My hive is located in my lower back yard. While I don't have to keep the grass as neat and trimmed as my front yard, I still have to trim it, about every two to three weeks. In that part of the yard, around my hive and crepe myrtles, I use a push mower. And I usually wear my veil while mowing that close to the hive. 

But a couple of weeks ago, I mowed the lower yard with my riding lawn tractor, and one of my girls head-butted and followed me all the way back to the house. 

I'm thinking the lawn tractor makes more vibrations than the push mower, maybe that's what shook her up.

So give me some ideas on how you mow around your hives. I'm sure the advice will help me and the many other newbies on here.

Mark

PS - Here's a look at my hive. I'm kind of like the guy that wants to show you pictures of his kids, huh?


----------



## Walt B (Jul 14, 2009)

I have a foot or 2 of dead grass around the hives, but sometimes the girls are still a little testy about me mowing. What I do to avoid upsetting them is to mow a partial area near them and move on; come back in a little bit and do some more, etc. 

It doesn't take that much more time, and I don't upset the bees.

Walt


----------



## icodebot (Apr 18, 2009)

I moved my hive twice this year, only about 4 feet each time. I can tell you that they really did not like that! I had no choice in my situation. 

Anyway, it seemed to really confuse them. They hovered around where the old location was for days. Forgers would come back to the old location and gradually work there way over that last agonizing 4 feet to the new location. I'd just mow around them they'll get over it quicker than they would if you move the hive. You could use a hand grass trimmers by the way, to get around close to the hive.


----------



## fishon (May 13, 2009)

Hi, just put on your bee suit and mow and weedwhack all you want to, that's what I do!! The earlier in the AM the better. Good luck.


----------



## bk21701 (May 22, 2009)

You either mow for about 3 seconds and leave immediately.. in your full suit, or not mow at all. I was fully suited up last week and mowed all around my hives. I took about 30 stings on my gloves and couldn't even count how many in the suit. I have never seem my hives be that aggressive towards mowing. But needless to say I'm not mowing anytime again soon.


----------



## NC-Bee-Dude (Jun 20, 2009)

Walt B said:


> What I do to avoid upsetting them is to mow a partial area near them and move on; come back in a little bit and do some more, etc. Walt


Walt: I read somewhere else, can't remember where, that someone also uses that method. They mow around the general area of the hives, giving the girls a "heads up" that there is activity in the area -- I guess time to get accustomed to it -- and then as they finish, they mow around the hive. The theory is that if they see you -- slowly and gradually -- they don't feel a threat.

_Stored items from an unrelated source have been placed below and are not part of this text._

(* Let $\mathcal A=(S,R)$ be a finitary argumentation network ($S\neq\varnothing$, $R\subseteq S\times S$, each element has finitely many attackers), and let $\Delta_{\mathcal A}$ be the $\mathbf{CN}$-theory $$\Delta_{\mathcal A}=\{x\mid x\in S \text{ unattacked}\}\cup\{y\leftrightarrow \textstyle\bigwedge_{zRy}Nz\mid y\in S\}\cup\{z\to Ny\mid zRy\}\cup\{(\textstyle\bigwedge_{zRy}\neg z)\wedge(\bigvee_{zRy}\neg Nz)\to \neg y\wedge\neg Ny\mid y\in S\}.$$ Let $E=\{x\in S\mid \Delta_{\mathcal A}\vdash_{\mathbf{CN}}x\}$. Then $E$ is the grounded extension of $\mathcal A$.
   Context: The logic $\mathbf{CN}$: the elements of $S$ are basic atoms; atomic formulas are $q$ and $Nq$ for basic atoms $q$; formulas are built with classical connectives; $\Delta\vdash_{\mathbf{CN}}A$ iff $\Delta\cup\{Nq\to\neg q\}\vdash A$ in classical propositional logic (treating each $q$ and $Nq$ as distinct classical atoms). Empty conjunctions are $\top$, empty disjunctions $\bot$. A complete extension of $(S,R)$ is a conflict-free set $E\subseteq S$ (no $x,y\in E$ with $xRy$) which contains exactly those arguments it defends ($x$ is defended by $E$ if every attacker of $x$ is attacked by some element of $E$); equivalently, the set of arguments labelled in by a legitimate Caminada labelling. The grounded (ground) extension is the least complete extension with respect to inclusion. *)

theory Defs
  imports Main
begin

definition attackers :: "('a \<times> 'a) set \<Rightarrow> 'a \<Rightarrow> 'a set" where
  "attackers R y = {z. (z, y) \<in> R}"

definition finitary_network :: "'a set \<Rightarrow> ('a \<times> 'a) set \<Rightarrow> bool" where
  "finitary_network S R \<longleftrightarrow> S \<noteq> {} \<and> R \<subseteq> S \<times> S \<and> (\<forall>y\<in>S. finite (attackers R y))"

definition conflict_free :: "('a \<times> 'a) set \<Rightarrow> 'a set \<Rightarrow> bool" where
  "conflict_free R E \<longleftrightarrow> (\<forall>x\<in>E. \<forall>y\<in>E. (x, y) \<notin> R)"

definition defends :: "('a \<times> 'a) set \<Rightarrow> 'a set \<Rightarrow> 'a \<Rightarrow> bool" where
  "defends R E x \<longleftrightarrow> (\<forall>y. (y, x) \<in> R \<longrightarrow> (\<exists>z\<in>E. (z, y) \<in> R))"

definition complete_extension :: "'a set \<Rightarrow> ('a \<times> 'a) set \<Rightarrow> 'a set \<Rightarrow> bool" where
  "complete_extension S R E \<longleftrightarrow>
     E \<subseteq> S \<and> conflict_free R E \<and> E = {x \<in> S. defends R E x}"

definition grounded_extension :: "'a set \<Rightarrow> ('a \<times> 'a) set \<Rightarrow> 'a set \<Rightarrow> bool" where
  "grounded_extension S R E \<longleftrightarrow>
     complete_extension S R E \<and> (\<forall>E'. complete_extension S R E' \<longrightarrow> E \<subseteq> E')"

text \<open>Atomic formulas are q (At q) and Nq (NAt q) for basic atoms q.\<close>
datatype 'a fml =
    At 'a | NAt 'a | FTop | FBot | FNeg "'a fml"
  | FAnd "'a fml" "'a fml" | FOr "'a fml" "'a fml" | FImp "'a fml" "'a fml"

definition FIff :: "'a fml \<Rightarrow> 'a fml \<Rightarrow> 'a fml" where
  "FIff A B = FAnd (FImp A B) (FImp B A)"

fun BigAnd :: "'a fml list \<Rightarrow> 'a fml" where
  "BigAnd [] = FTop"
| "BigAnd (A # As) = FAnd A (BigAnd As)"

fun BigOr :: "'a fml list \<Rightarrow> 'a fml" where
  "BigOr [] = FBot"
| "BigOr (A # As) = FOr A (BigOr As)"

text \<open>Classical semantics: v interprets the atoms q, w the atoms Nq (as distinct classical atoms).\<close>
fun eval :: "('a \<Rightarrow> bool) \<Rightarrow> ('a \<Rightarrow> bool) \<Rightarrow> 'a fml \<Rightarrow> bool" where
  "eval v w (At q) = v q"
| "eval v w (NAt q) = w q"
| "eval v w FTop = True"
| "eval v w FBot = False"
| "eval v w (FNeg A) = (\<not> eval v w A)"
| "eval v w (FAnd A B) = (eval v w A \<and> eval v w B)"
| "eval v w (FOr A B) = (eval v w A \<or> eval v w B)"
| "eval v w (FImp A B) = (eval v w A \<longrightarrow> eval v w B)"

text \<open>Classical consequence (semantic; equal to derivability by completeness/compactness).
  Delta |-_CN A iff Delta \<union> {Nq \<rightarrow> \<not>q | q basic atom} classically entails A.\<close>
definition CN_entails :: "'a set \<Rightarrow> 'a fml set \<Rightarrow> 'a fml \<Rightarrow> bool" where
  "CN_entails S \<Delta> A \<longleftrightarrow>
     (\<forall>v w. (\<forall>q\<in>S. eval v w (FImp (NAt q) (FNeg (At q)))) \<longrightarrow>
            (\<forall>B\<in>\<Delta>. eval v w B) \<longrightarrow> eval v w A)"

definition att_list :: "('a \<times> 'a) set \<Rightarrow> 'a \<Rightarrow> 'a list" where
  "att_list R y = (SOME xs. set xs = attackers R y)"

definition Delta :: "'a set \<Rightarrow> ('a \<times> 'a) set \<Rightarrow> 'a fml set" where
  "Delta S R =
     {At x | x. x \<in> S \<and> attackers R x = {}}
   \<union> {FIff (At y) (BigAnd (map NAt (att_list R y))) | y. y \<in> S}
   \<union> {FImp (At z) (NAt y) | z y. (z, y) \<in> R}
   \<union> {FImp (FAnd (BigAnd (map (\<lambda>z. FNeg (At z)) (att_list R y)))
                 (BigOr (map (\<lambda>z. FNeg (NAt z)) (att_list R y))))
           (FAnd (FNeg (At y)) (FNeg (NAt y))) | y. y \<in> S}"

end

theory Submission
  imports Defs
begin

text \<open>
  The axioms of \<open>\<Delta>\<close>, read semantically, say that the atoms \<open>q\<close> true in a CN-model form a
  complete extension \<open>E\<close> and that \<open>Nq\<close> holds exactly when \<open>q\<close> is attacked by \<open>E\<close>; conversely
  every complete extension yields such a model. Hence \<open>\<Delta> \<turnstile> x\<close> iff \<open>x\<close> lies in every
  complete extension, i.e. in the least one. The least complete extension exists for every
  network: it is the least fixed point of Dung's characteristic function.
\<close>

lemma eval_BigAnd: "eval v w (BigAnd As) \<longleftrightarrow> (\<forall>A\<in>set As. eval v w A)"
  by (induction As) auto

lemma eval_BigOr: "eval v w (BigOr As) \<longleftrightarrow> (\<exists>A\<in>set As. eval v w A)"
  by (induction As) auto

lemma set_att_list: "finite (attackers R y) \<Longrightarrow> set (att_list R y) = attackers R y"
  unfolding att_list_def by (rule someI_ex) (rule finite_list)

definition characteristic :: "'a set \<Rightarrow> ('a \<times> 'a) set \<Rightarrow> 'a set \<Rightarrow> 'a set" where
  "characteristic S R X = {x \<in> S. defends R X x}"

lemma mono_characteristic: "mono (characteristic S R)"
  unfolding mono_def characteristic_def defends_def by blast

lemma complete_extension_iff_fixpoint:
  "complete_extension S R E \<longleftrightarrow> conflict_free R E \<and> characteristic S R E = E"
  unfolding complete_extension_def characteristic_def by blast

lemma conflict_free_lfp_characteristic: "conflict_free R (lfp (characteristic S R))"
proof -
  let ?G = "lfp (characteristic S R)"
  \<comment> \<open>Fixpoint induction needs a property of single arguments: being neither attacked by
      nor attacking \<open>?G\<close>.\<close>
  let ?P = "{x. \<forall>y\<in>?G. (x, y) \<notin> R \<and> (y, x) \<notin> R}"
  have "characteristic S R ?G = ?G"
    by (rule lfp_fixpoint[OF mono_characteristic])
  then have G_defends: "y \<in> ?G \<Longrightarrow> defends R ?G y" for y
    unfolding characteristic_def by blast
  have "characteristic S R (?G \<inter> ?P) \<subseteq> ?P"
  proof
    fix a assume "a \<in> characteristic S R (?G \<inter> ?P)"
    then have a_defended: "defends R (?G \<inter> ?P) a" by (simp add: characteristic_def)
    have unattacked: "(b, a) \<notin> R" if "b \<in> ?G" for b
      using a_defended that unfolding defends_def by blast
    moreover have "(a, b) \<notin> R" if "b \<in> ?G" for b
      using G_defends[OF that] unattacked unfolding defends_def by blast
    ultimately show "a \<in> ?P" by blast
  qed
  then have "?G \<subseteq> ?P"
    by (rule lfp_induct[OF mono_characteristic])
  then show ?thesis unfolding conflict_free_def by blast
qed

lemma grounded_extension_lfp: "grounded_extension S R (lfp (characteristic S R))"
  unfolding grounded_extension_def complete_extension_iff_fixpoint
  using conflict_free_lfp_characteristic lfp_fixpoint[OF mono_characteristic]
  by (metis lfp_lowerbound order_refl)

lemma grounded_extension_eq_Inter_complete:
  assumes "grounded_extension S R G"
  shows "G = {x \<in> S. \<forall>E. complete_extension S R E \<longrightarrow> x \<in> E}"
  using assms unfolding grounded_extension_def complete_extension_def by blast

lemma eval_Delta_iff:
  assumes "\<And>y. y \<in> S \<Longrightarrow> finite (attackers R y)"
  shows "(\<forall>B\<in>Delta S R. eval v w B) \<longleftrightarrow>
    (\<forall>x\<in>S. attackers R x = {} \<longrightarrow> v x) \<and>
    (\<forall>y\<in>S. v y \<longleftrightarrow> (\<forall>z\<in>attackers R y. w z)) \<and>
    (\<forall>(z, y)\<in>R. v z \<longrightarrow> w y) \<and>
    (\<forall>y\<in>S. (\<forall>z\<in>attackers R y. \<not> v z) \<and> (\<exists>z\<in>attackers R y. \<not> w z) \<longrightarrow> \<not> v y \<and> \<not> w y)"
  (is "_ \<longleftrightarrow> ?semantics")
proof -
  have "(\<forall>B\<in>Delta S R. eval v w B) \<longleftrightarrow>
    (\<forall>x\<in>S. attackers R x = {} \<longrightarrow> eval v w (At x)) \<and>
    (\<forall>y\<in>S. eval v w (FIff (At y) (BigAnd (map NAt (att_list R y))))) \<and>
    (\<forall>(z, y)\<in>R. eval v w (FImp (At z) (NAt y))) \<and>
    (\<forall>y\<in>S. eval v w (FImp (FAnd (BigAnd (map (\<lambda>z. FNeg (At z)) (att_list R y)))
                 (BigOr (map (\<lambda>z. FNeg (NAt z)) (att_list R y))))
           (FAnd (FNeg (At y)) (FNeg (NAt y)))))"
    unfolding Delta_def ball_Un conj_assoc
    by (intro conj_cong refl) (auto simp del: eval.simps)
  also have "\<dots> \<longleftrightarrow> ?semantics"
    using assms by (simp add: set_att_list FIff_def eval_BigAnd eval_BigOr) blast
  finally show ?thesis .
qed

lemma complete_extension_CN_model:
  assumes network: "finitary_network S R" and E: "complete_extension S R E"
  defines "v \<equiv> \<lambda>x. x \<in> E" and "w \<equiv> \<lambda>y. \<exists>z\<in>E. (z, y) \<in> R"
  shows "\<forall>q\<in>S. eval v w (FImp (NAt q) (FNeg (At q)))" and "\<forall>B\<in>Delta S R. eval v w B"
proof -
  have E_fix: "E = {x \<in> S. defends R E x}" and "conflict_free R E"
    using E by (auto simp: complete_extension_def)
  then show "\<forall>q\<in>S. eval v w (FImp (NAt q) (FNeg (At q)))"
    by (auto simp: v_def w_def conflict_free_def)
  have finite_attackers: "\<And>y. y \<in> S \<Longrightarrow> finite (attackers R y)"
    using network by (simp add: finitary_network_def)
  have "\<forall>y\<in>S. v y \<longleftrightarrow> (\<forall>z\<in>attackers R y. w z)"
    using E_fix by (auto simp: v_def w_def defends_def attackers_def)
  then show "\<forall>B\<in>Delta S R. eval v w B"
    using E_fix by (simp add: eval_Delta_iff[OF finite_attackers]) (auto simp: v_def w_def attackers_def)
qed

lemma CN_model_complete_extension:
  assumes network: "finitary_network S R"
    and consistent: "\<forall>q\<in>S. eval v w (FImp (NAt q) (FNeg (At q)))"
    and model: "\<forall>B\<in>Delta S R. eval v w B"
  shows "complete_extension S R {x \<in> S. v x}"
proof -
  have R_S: "R \<subseteq> S \<times> S" and finite_attackers: "\<And>y. y \<in> S \<Longrightarrow> finite (attackers R y)"
    using network by (auto simp: finitary_network_def)
  have semantics:
    "(\<forall>y\<in>S. v y \<longleftrightarrow> (\<forall>z\<in>attackers R y. w z)) \<and> (\<forall>(z, y)\<in>R. v z \<longrightarrow> w y) \<and>
     (\<forall>y\<in>S. (\<forall>z\<in>attackers R y. \<not> v z) \<and> (\<exists>z\<in>attackers R y. \<not> w z) \<longrightarrow> \<not> w y)"
    using model by (simp add: eval_Delta_iff[OF finite_attackers])
  then have v_iff: "\<And>y. y \<in> S \<Longrightarrow> v y \<longleftrightarrow> (\<forall>z\<in>attackers R y. w z)"
    and attack: "\<And>z y. (z, y) \<in> R \<Longrightarrow> v z \<Longrightarrow> w y"
    and undecided: "\<And>y. y \<in> S \<Longrightarrow> \<forall>z\<in>attackers R y. \<not> v z \<Longrightarrow>
                     \<exists>z\<in>attackers R y. \<not> w z \<Longrightarrow> \<not> w y"
    by blast+
  have not_both: "\<And>q. q \<in> S \<Longrightarrow> w q \<Longrightarrow> \<not> v q"
    using consistent by simp
  \<comment> \<open>If \<open>w y\<close> held with no attacker true, either all attackers satisfy \<open>w\<close> (then \<open>v y\<close>,
      contradicting consistency) or some does not (then \<open>\<not> w y\<close> by the last axiom group).\<close>
  have w_iff: "w y \<longleftrightarrow> (\<exists>z\<in>attackers R y. v z)" if "y \<in> S" for y
    using v_iff[OF that] undecided[OF that] not_both[OF that] attack
    by (auto simp: attackers_def)
  let ?E = "{x \<in> S. v x}"
  have "conflict_free R ?E"
    unfolding conflict_free_def using attack not_both by blast
  moreover have "v x \<longleftrightarrow> defends R ?E x" if "x \<in> S" for x
  proof -
    have "v x \<longleftrightarrow> (\<forall>y. (y, x) \<in> R \<longrightarrow> w y)"
      using v_iff[OF that] by (simp add: attackers_def)
    also have "\<dots> \<longleftrightarrow> (\<forall>y. (y, x) \<in> R \<longrightarrow> (\<exists>z. (z, y) \<in> R \<and> v z))"
    proof -
      have "w y \<longleftrightarrow> (\<exists>z. (z, y) \<in> R \<and> v z)" if "(y, x) \<in> R" for y
        using w_iff[of y] that R_S by (auto simp: attackers_def)
      then show ?thesis by blast
    qed
    also have "\<dots> \<longleftrightarrow> defends R ?E x"
      using R_S unfolding defends_def by blast
    finally show ?thesis .
  qed
  ultimately show ?thesis
    unfolding complete_extension_def by blast
qed

lemma CN_entails_At_iff:
  assumes "finitary_network S R" and "x \<in> S"
  shows "CN_entails S (Delta S R) (At x) \<longleftrightarrow> (\<forall>E. complete_extension S R E \<longrightarrow> x \<in> E)"
proof
  assume entails: "CN_entails S (Delta S R) (At x)"
  show "\<forall>E. complete_extension S R E \<longrightarrow> x \<in> E"
  proof (intro allI impI)
    fix E assume "complete_extension S R E"
    from complete_extension_CN_model[OF assms(1) this]
    show "x \<in> E"
      using entails[unfolded CN_entails_def, rule_format, of "\<lambda>x. x \<in> E" "\<lambda>y. \<exists>z\<in>E. (z, y) \<in> R"]
      by simp
  qed
next
  assume in_all: "\<forall>E. complete_extension S R E \<longrightarrow> x \<in> E"
  show "CN_entails S (Delta S R) (At x)"
    unfolding CN_entails_def
  proof (intro allI impI)
    fix v w
    assume "\<forall>q\<in>S. eval v w (FImp (NAt q) (FNeg (At q)))" and "\<forall>B\<in>Delta S R. eval v w B"
    from CN_model_complete_extension[OF assms(1) this] in_all \<open>x \<in> S\<close>
    show "eval v w (At x)" by auto
  qed
qed

theorem theorem8:
  fixes S :: "'a set" and R :: "('a \<times> 'a) set"
  assumes "finitary_network S R"
  shows "grounded_extension S R {x \<in> S. CN_entails S (Delta S R) (At x)}"
proof -
  have "{x \<in> S. CN_entails S (Delta S R) (At x)} =
        {x \<in> S. \<forall>E. complete_extension S R E \<longrightarrow> x \<in> E}"
    using CN_entails_At_iff[OF assms] by blast
  also have "\<dots> = lfp (characteristic S R)"
    by (rule grounded_extension_eq_Inter_complete[OF grounded_extension_lfp, symmetric])
  finally show ?thesis
    using grounded_extension_lfp by simp
qed

end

I've been doing just fine mowing down there until a couple of weeks ago, then I was followed back to the house, and she just wouldn't let up. And the grass needs mowing again, so I'm trying to see what works for others.

I was told by some southern Virginia beeks that a guy was weed-eating a bee yard for a guy in Pittsylvania County and got stung multiple times. This was a few months ago. Anyway, he apparently got close to a hot hive, they nailed him, he apparently panicked, which in-turn caused him to have a heart attack and he died.

In my situation, I have a really docile hive most of the time, but...I just want to do what's best. I like to keep the girls happy...and my neighbors too!


----------



## NC-Bee-Dude (Jun 20, 2009)

fishon said:


> Hi, just put on your bee suit and mow and weedwhack all you want to, that's what I do!! The earlier in the AM the better. Good luck.


Mmmm, I would think that mowing around a hive would probably follow in the same category as working a hive: do it in the middle of the day so a lot of the bees would be out in the field. I'm thinking that early morning or late evening would be the worst time...since the box would be full of bees then.


----------



## BigDru (Aug 4, 2009)

I have mowed around my hive several times this year. Have not had any problems or issues with the bees. I do see a few more come out to investigate but since I don't spend a whole lot of time around them, they just leave me along. This next year I will be putting down mulch around on the ground just for weed and grass control (less lawn to mow) since I hate to mow.


----------



## petalumadude (Aug 4, 2009)

As early in the morning as possible.
Or as late as possible, air temp cool->cold.
Using veil / suit Weedwack, there is less vibration.

When honey is sealed in hives, the girls are more defensive. So you will notice the ease in mowing in the early summer and spring, and it gets a little more testy as the nectar flow increases.


----------



## PCM (Sep 18, 2007)

I have a old rideing mower, banks, pops, and shakes !

I mow around the hives about once a month,I just go by fast, with the exhaust and grass discharge away from the hive.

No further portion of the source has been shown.